They answer questions that automated experiments can’t: Do the right people get paged? Can the on-call follow the runbook? Does the team know how to communicate during an incident?

Game-Days vs. Drills

	Game-Day	Drill
Scope	Broad: end-to-end failure scenario involving multiple teams or systems	Narrow: single procedure or tool (e.g. “restore this database from backup”)
Duration	1-4 hours	15-60 minutes
Participants	Cross-functional: engineering, on-call, sometimes leadership and comms	Usually one team or one person
Goal	Validate the full response chain: detection → response → recovery → communication	Validate a specific runbook step or tool works

Both are valuable.

Drills build muscle memory for individual procedures. Game-days test how those procedures fit together under pressure.

Running A Game-Day

Before: Planning

Pick a Scenario. Choose a realistic failure that would have high impact. Examples:
- Primary database becomes unavailable.
- A major dependency returns errors for 30 minutes.
- A region goes down and you need to fail over.
- A bad deploy causes elevated error rates for a critical API.
Define Objectives. What are you testing? Examples:
- “Can the on-call detect the problem within 5 minutes?”
- “Does the failover runbook work end-to-end?”
- “Can we communicate status to stakeholders within 10 minutes?”
Assign Roles. At minimum:
- Facilitator — Runs the exercise, injects the failure, keeps things on track. Does not participate as a responder.
- Observers — Take notes on what happens, what goes well, and where things break down.
- Responders — The team that would normally respond to this incident. They should not know the scenario in advance (or at least not the details).
Set Safety Boundaries. Will you inject real failures or simulate them? If injecting, define abort conditions (see Chaos Experiments — Blast Radius Control). If simulating, prepare mock alerts, dashboards, or narrated scenarios.
Notify Stakeholders. Let affected teams and leadership know a game-day is happening so real alerts during the exercise don’t cause confusion.

During: Execution

Inject or Simulate the Failure. Start the clock.
Let the Team Respond. Don’t coach—observe. The value is in seeing how the team actually responds, not how they respond with hints.
Track Timeline. Note when the alert fired, when the on-call responded, when the runbook was opened, when mitigation was applied, when recovery was confirmed.
Enforce Time Limits. If the team is stuck for too long, the facilitator can offer a hint or end the exercise. A game-day that runs 4 hours without progress isn’t productive.

After: Debrief

Run a debrief (similar to a post-incident review) within a day:

What Worked? — Detection was fast, runbook was accurate, communication was clear.
What Didn’t? — Alert didn’t fire, runbook was outdated, nobody knew who to escalate to, recovery took too long.
Action Items — Update the runbook, fix the alert, add a missing dashboard, schedule a follow-up drill on the weak area.

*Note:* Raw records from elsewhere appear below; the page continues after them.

lemma CGTDS_zero_padding_iff:
  assumes "valid_F I"
  shows "CGTDS (zero_padding I) \<longleftrightarrow> CGTDS_F I"
proof -
  obtain lam t ks e where I: "I = (lam, t, ks, e)" by (cases I) auto
  have atoms: "set u \<subseteq> set ks" if "u \<in> lang e" for u
    using lang_subset_atoms[OF that] assms by (auto simp: valid_F_def I)
  have range_padding: "range (u \<frown> (\<lambda>_. 0)) \<subseteq> set (0 # ks)" if "u \<in> lang e" for u
    using atoms[OF that] by auto
  have "CGTDS (zero_padding I) \<longleftrightarrow> (\<exists>u \<in> lang e.
      (\<lambda>i. real_of_rat ((u \<frown> (\<lambda>_. 0)) i) * real_of_rat lam ^ i) sums real_of_rat t)"
    unfolding CGTDS_def zero_padding_def I prod.case olang_OTimes_Omega_Atom
    using range_padding by blast
  also have "\<dots> \<longleftrightarrow> (\<exists>u \<in> lang e. (\<Sum>i<length u. u ! i * lam ^ i) = t)"
    by (simp add: sums_conc_zeros_iff)
  also have "\<dots> \<longleftrightarrow> CGTDS_F I"
    using atoms by (auto simp: CGTDS_F_def I)
  finally show ?thesis .
qed

theorem theorem6:
  shows "\<exists>f :: inst_F \<Rightarrow> inst. computable_red f \<and>
           (\<forall>I. valid_F I \<longrightarrow> valid (f I) \<and> (CGTDS_F I \<longleftrightarrow> CGTDS (f I)))"
  using computable_zero_padding valid_zero_padding CGTDS_zero_padding_iff by blast

end
lemma is_min1_scaled_maximizer:
  assumes X: "L2_2 X" and u: "is_max2 X u" and nonneg: "0 \<le> kernel_form X u"
  shows "is_min1 X (\<lambda>x. sqrt (kernel_form X u) * u x)"
proof -
  define a where "a = kernel_form X u"
  define S where "S = (LINT p|lborel. (X p)^2)"
  have uL2: "L2 u" and u1: "(LINT x|lborel. (u x)^2) = 1"
    using u unfolding is_max2_def norm_L2_def by auto
  have wL2: "L2 (\<lambda>x. sqrt a * u x)"
    by (rule L2_scale[OF uL2])
  have sqrt_a: "(sqrt a)^2 = a"
    using nonneg unfolding a_def by simp
  have "(LINT x|lborel. (sqrt a * u x)^2) = a"
    using u1 by (simp add: power_mult_distrib sqrt_a)
  then have "obj1 X (\<lambda>x. sqrt a * u x) = S / 2 - a^2 / 2"
    unfolding obj1_eq_kernel_form[OF X wL2] kernel_form_scale sqrt_a S_def a_def[symmetric]
    by (simp add: power2_eq_square)
  moreover have "S / 2 - a^2 / 2 \<le> obj1 X w" if w: "L2 w" for w
  proof -
    define m where "m = (LINT x|lborel. (w x)^2)"
    have "kernel_form X w \<le> a * m"
      using is_max2_kernel_form_bound[OF X u w] unfolding a_def m_def .
    moreover have "a * m \<le> a^2 / 2 + m^2 / 2"
      using sum_squares_bound[of a m] by simp
    ultimately show ?thesis
      unfolding obj1_eq_kernel_form[OF X w] S_def m_def by linarith
  qed
  ultimately show ?thesis
    using wL2 unfolding is_min1_def a_def by auto
qed

theorem mainTheorem20:
  fixes X :: "real \<times> real \<Rightarrow> real" and v u :: "real \<Rightarrow> real"
  assumes "L2_2 X"
    and "L2 v" and "\<not> (AE x in lborel. v x = 0)"
    and "inner_L2 v (T_op X v) \<ge> 0"
    and "is_max2 X u"
  shows "\<exists>w. is_min1 X w \<and>
    (AE p in lborel. ((1/2) * obj2 X u) * outer u p = outer w p)"
proof -
  define a where "a = kernel_form X u"
  have "L2 u"
    using assms(5) unfolding is_max2_def by blast
  have "0 \<le> a"
    using is_max2_kernel_form_nonneg[OF assms(1,5,2,3)] assms(4)
    unfolding a_def inner_T_op_eq_kernel_form(2)[OF assms(1,2)] .
  then have "(1/2) * obj2 X u * outer u p = outer (\<lambda>x. sqrt a * u x) p" for p
    unfolding outer_scale obj2_eq_kernel_form[OF assms(1) \<open>L2 u\<close>] a_def by simp
  moreover have "is_min1 X (\<lambda>x. sqrt a * u x)"
    using is_min1_scaled_maximizer[OF assms(1,5)] \<open>0 \<le> a\<close> unfolding a_def .
  ultimately show ?thesis
    by blast
qed

end
(* Let $X_n=(\mathbb{C}^n,\|\cdot\|)$ be a Banach space and let $J\subset\mathbb{N}_0^n$ be an index set of degree at most $m$. Then $$\max_{0\le k\le m}\boldsymbol{\lambda}\big(\mathcal{P}_{J(k)}(X_n)\big)\le\boldsymbol{\lambda}\big(\mathcal{P}_J(X_n)\big)\le(m+1)\max_{0\le k\le m}\boldsymbol{\lambda}\big(\mathcal{P}_{J(k)}(X_n)\big).$$ In particular, for any Banach sequence lattice $X$, $$\lim_{m\to\infty}\sup_{n\in\mathbb{N}}\frac{\boldsymbol{\lambda}\big(\mathcal{P}_{\le m}(X_n)\big)^{1/m}}{\big(\max_{0\le k\le m}\boldsymbol{\lambda}(\mathcal{P}_k(X_n))\big)^{1/m}}=1.$$
   Context: $J(k)=\{\alpha\in J:|\alpha|=k\}$; $J$ has degree at most $m$ if $|\alpha|\le m$ for all $\alpha\in J$. $\mathcal{P}_J(X_n)$ is the space of polynomials $\sum_{\alpha\in J}c_\alpha z^\alpha$ on $\mathbb{C}^n$ with norm $\sup_{z\in B_{X_n}}|P(z)|$, $B_{X_n}$ the open unit ball; $\mathcal{P}_{\le m}$ and $\mathcal{P}_k$ correspond to $J=\{|\alpha|\le m\}$ and $J=\{|\alpha|=k\}$. $\boldsymbol{\lambda}$ is the projection constant. For a Banach sequence lattice $X$ (Banach space of complex sequences with the ideal property), $X_n$ is $\mathbb{C}^n$ with $\|z\|=\|\sum_{k\le n}|z_k|e_k\|_X$. *)

theory Defs
  imports "HOL-Analysis.Analysis"
begin

text \<open>Points of C^n are modelled as functions nat => complex vanishing at indices >= n
  (coordinates 0..n-1); multi-indices in N_0^n as functions nat => nat vanishing at >= n.\<close>

definition Cn :: "nat \<Rightarrow> (nat \<Rightarrow> complex) set" where
  "Cn n = {z. \<forall>i\<ge>n. z i = 0}"

definition mindex :: "nat \<Rightarrow> (nat \<Rightarrow> nat) set" where
  "mindex n = {\<alpha>. \<forall>i\<ge>n. \<alpha> i = 0}"

definition mdeg :: "nat \<Rightarrow> (nat \<Rightarrow> nat) \<Rightarrow> nat" where
  "mdeg n \<alpha> = (\<Sum>i<n. \<alpha> i)"

definition monom :: "nat \<Rightarrow> (nat \<Rightarrow> nat) \<Rightarrow> (nat \<Rightarrow> complex) \<Rightarrow> complex" where
  "monom n \<alpha> z = (\<Prod>i<n. z i ^ \<alpha> i)"

definition Jk :: "nat \<Rightarrow> (nat \<Rightarrow> nat) set \<Rightarrow> nat \<Rightarrow> (nat \<Rightarrow> nat) set" where
  "Jk n J k = {\<alpha> \<in> J. mdeg n \<alpha> = k}"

The debrief is the most valuable part. A game-day without a debrief is a missed opportunity.

Cadence

Exercise Type	Suggested Cadence	Notes
Focused drills (single runbook or tool)	Monthly or quarterly	Low overhead, high value for muscle memory
Team game-day (one team, one scenario)	Quarterly	Core practice for on-call teams
Cross-team game-day (multi-team, complex scenario)	Annually or semi-annually	Higher coordination cost, tests organizational response
DR exercise (failover, backup restore)	See DR Planning and Testing	Specific cadence for disaster recovery scenarios

Adjust based on your team’s maturity and how often your architecture changes.

New services or major redesigns are good triggers for an unscheduled game-day.

Common Findings

Game-days frequently reveal:

Runbooks Are Outdated. The infrastructure changed but the runbook wasn’t updated. Steps reference old tools or missing dashboards.
Detection Is Slow. The failure happened but nobody noticed for 15 minutes because the alert was too noisy or didn’t exist.
Escalation Paths Are Unclear. The on-call didn’t know who to page next, or the escalation contact was out of date.
Communication Gaps. Stakeholders weren’t updated, or updates were too technical/too vague.
Recovery Is Harder Than Expected. The “simple failover” turns out to require manual steps nobody practiced.
Tool Access Issues. Someone needed to access a system but didn’t have the right credentials or permissions.

Relationship To DR Testing

DR testing (failover drills, backup restores) is a specialized form of game-day focused on disaster recovery scenarios.

DR Planning and Testing covers DR-specific exercises, including backup restore cadence and failover drills.

The practices overlap: a DR failover drill is a game-day with a DR scenario.

Use whichever framing fits your organization, but make sure both your operational failure scenarios (a dependency is slow, a deploy is bad) and your disaster scenarios (a region is down, data is corrupted) get exercised regularly.